Finally, we obtain the 3D information of the specimens $|A(x,y)|{\exp }[j\phi (x,y)]$ from Eqs. (1), (2), and (13),

(14)$$|A(x,y){|^2}\cos \phi (x,y) = \frac{{(1 + M)\left[{{I_1}(x,y) - |A(x,y){|^2}} \right]}}{{2\sqrt M}},$$

(15)$$\begin{split}&|A(x,y){|^2}\sin \phi (x,y) = \\&\frac{{(1 + M)\big[{{I_2}(x,y) - {I_1}(x,y)\cos \alpha - |A(x,y){|^2}(1 - \cos \alpha)} \big]}}{{2\sqrt M \sin \alpha}},\end{split}$$

where $ j $ is the imaginary unit.
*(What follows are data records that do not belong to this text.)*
(* Let $f$ satisfy the standing assumption described in the context and let $\alpha,\beta>0$. Run Cubic-GDA with $0<\epsilon'\le\frac{\alpha L_1}{\beta L_G}$, $0<\eta_x\le(9L_\Phi+18\alpha+28\beta)^{-1}$, $\eta_y=\frac{2}{L_1+\mu}$, and inner iteration numbers satisfying $$N_0\ge\kappa\ln\Big(\frac{L_1\|y_0-y^*(x_0)\|}{2\beta\epsilon'^2}\Big),\qquad N_t\ge\kappa\ln\Big(\frac{2L_1\alpha\|s_{t-1}\|+L_1(\alpha+L_G\kappa)\|s_t\|}{L_G\beta\epsilon'^2}\Big)\ (t\ge1).$$ Let $T'=\min\{t\ge1:\ \max(\|s_{t-1}\|,\|s_t\|)\le\epsilon'\}$ ($T'=\infty$ if no such $t$) and $H_t:=\Phi(x_t)+(L_\Phi+2\alpha+3\beta)\|s_t\|^3$. Then for every integer $t$ with $0\le t\le T'-2$, $$H_{t+1}-H_t\le-(L_\Phi+\alpha+\beta)(\|s_{t+1}\|^3+\|s_t\|^3).$$
   Context: Standing assumption: $f:\mathbb{R}^m\times\mathbb{R}^n\to\mathbb{R}$ is twice continuously differentiable; $\nabla f$ is $L_1$-Lipschitz; $y\mapsto f(x,y)$ is $\mu$-strongly concave for each $x$ ($\mu>0$); the Jacobian blocks $\nabla_{11}f,\nabla_{12}f,\nabla_{21}f,\nabla_{22}f$ are $L_2$-Lipschitz in $(x,y)$; $\Phi(x):=\max_y f(x,y)$ is bounded below with compact sub-level sets. Let $\kappa=L_1/\mu$, $y^*(x)=\arg\max_y f(x,y)$, $L_G=L_2(1+\kappa)^2$, $L_\Phi=L_2(1+\kappa)^3$, $G(x,y)=\big[\nabla_{11} f - \nabla_{12} f (\nabla_{22} f)^{-1} \nabla_{21} f\big](x,y)$ ($\nabla_{12}f$ the Jacobian of $\nabla_1 f$ in $y$, $\nabla_{21}f$ that of $\nabla_2 f$ in $x$). Cubic-GDA: given $x_0\in\mathbb{R}^m,y_0\in\mathbb{R}^n$, $\eta_x,\eta_y>0$, $\epsilon'>0$, integers $N_t\ge0$; convention $\|s_0\|:=\epsilon'$. For $t=0,1,2,\dots$: $\widetilde y_0=y_t$, $\widetilde y_{k+1}=\widetilde y_k+\eta_y\nabla_2 f(x_t,\widetilde y_k)$ for $k=0,\dots,N_t-1$, $y_{t+1}=\widetilde y_{N_t}$; $s_{t+1}$ a global minimizer over $s\in\mathbb{R}^m$ of $\nabla_1 f(x_t,y_{t+1})^\top s+\tfrac12 s^\top G(x_t,y_{t+1})s+\tfrac{1}{6\eta_x}\|s\|^3$; $x_{t+1}=x_t+s_{t+1}$. *)

theory Defs
  imports "HOL-Analysis.Analysis" "HOL-Library.Extended_Nat"
begin

definition Phi :: "('a \<Rightarrow> 'b \<Rightarrow> real) \<Rightarrow> 'a \<Rightarrow> real" where
  "Phi f x = (SUP y. f x y)"

definition ystar :: "('a \<Rightarrow> 'b \<Rightarrow> real) \<Rightarrow> 'a \<Rightarrow> 'b" where
  "ystar f x = (THE y. \<forall>y'. f x y' \<le> f x y)"

definition standing_assumption ::
  "(real^'m \<Rightarrow> real^'n \<Rightarrow> real) \<Rightarrow>
   (real^'m \<Rightarrow> real^'n \<Rightarrow> real^'m) \<Rightarrow> (real^'m \<Rightarrow> real^'n \<Rightarrow> real^'n) \<Rightarrow>
   (real^'m \<Rightarrow> real^'n \<Rightarrow> real^'m^'m) \<Rightarrow> (real^'m \<Rightarrow> real^'n \<Rightarrow> real^'n^'m) \<Rightarrow>
   (real^'m \<Rightarrow> real^'n \<Rightarrow> real^'m^'n) \<Rightarrow> (real^'m \<Rightarrow> real^'n \<Rightarrow> real^'n^'n) \<Rightarrow>
   real \<Rightarrow> real \<Rightarrow> real \<Rightarrow> bool" where
  "standing_assumption f g1 g2 H11 H12 H21 H22 L1 L2 \<mu> \<longleftrightarrow>
     \<comment> \<open>f is differentiable with gradient (g1, g2)\<close>
     (\<forall>x y. ((\<lambda>p. f (fst p) (snd p)) has_derivative
               (\<lambda>h. g1 x y \<bullet> fst h + g2 x y \<bullet> snd h)) (at (x, y))) \<and>
     \<comment> \<open>the gradient is differentiable with Jacobian blocks H11, H12, H21, H22\<close>
     (\<forall>x y. ((\<lambda>p. g1 (fst p) (snd p)) has_derivative
               (\<lambda>h. H11 x y *v fst h + H12 x y *v snd h)) (at (x, y))) \<and>
     (\<forall>x y. ((\<lambda>p. g2 (fst p) (snd p)) has_derivative
               (\<lambda>h. H21 x y *v fst h + H22 x y *v snd h)) (at (x, y))) \<and>
     \<comment> \<open>twice continuously differentiable\<close>
     continuous_on UNIV (\<lambda>p. H11 (fst p) (snd p)) \<and>
     continuous_on UNIV (\<lambda>p. H12 (fst p) (snd p)) \<and>
     continuous_on UNIV (\<lambda>p. H21 (fst p) (snd p)) \<and>
     continuous_on UNIV (\<lambda>p. H22 (fst p) (snd p)) \<and>
     \<comment> \<open>gradient is L1-Lipschitz\<close>
     0 \<le> L1 \<and>
     (\<forall>x y x' y'. norm ((g1 x y, g2 x y) - (g1 x' y', g2 x' y'))
                    \<le> L1 * norm ((x, y) - (x', y'))) \<and>
     \<comment> \<open>mu-strong concavity in y\<close>
     0 < \<mu> \<and>
     (\<forall>x y y' t. 0 \<le> t \<and> t \<le> 1 \<longrightarrow>
        t * f x y + (1 - t) * f x y' + \<mu> / 2 * t * (1 - t) * (norm (y - y'))\<^sup>2
          \<le> f x (t *\<^sub>R y + (1 - t) *\<^sub>R y')) \<and>
     \<comment> \<open>Jacobian blocks are L2-Lipschitz (operator norm)\<close>
     0 \<le> L2 \<and>
     (\<forall>x y x' y'. onorm (\<lambda>v. (H11 x y - H11 x' y') *v v) \<le> L2 * norm ((x, y) - (x', y'))) \<and>
     (\<forall>x y x' y'. onorm (\<lambda>v. (H12 x y - H12 x' y') *v v) \<le> L2 * norm ((x, y) - (x', y'))) \<and>
     (\<forall>x y x' y'. onorm (\<lambda>v. (H21 x y - H21 x' y') *v v) \<le> L2 * norm ((x, y) - (x', y'))) \<and>
     (\<forall>x y x' y'. onorm (\<lambda>v. (H22 x y - H22 x' y') *v v) \<le> L2 * norm ((x, y) - (x', y'))) \<and>
     \<comment> \<open>Phi bounded below with compact sub-level sets\<close>
     (\<exists>c. \<forall>x. c \<le> Phi f x) \<and>
     (\<forall>a. compact {x. Phi f x \<le> a})"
Then, a 3D image of the specimens is reconstructed by diffraction integrals. Note that $\phi (x,y)$ in FINCH contains the 3D position of the specimens but no quantitative phase information of the specimens. In contrast, $\phi (x,y)$ in an interferometer for a phase object [11] contains the quantitative phase information.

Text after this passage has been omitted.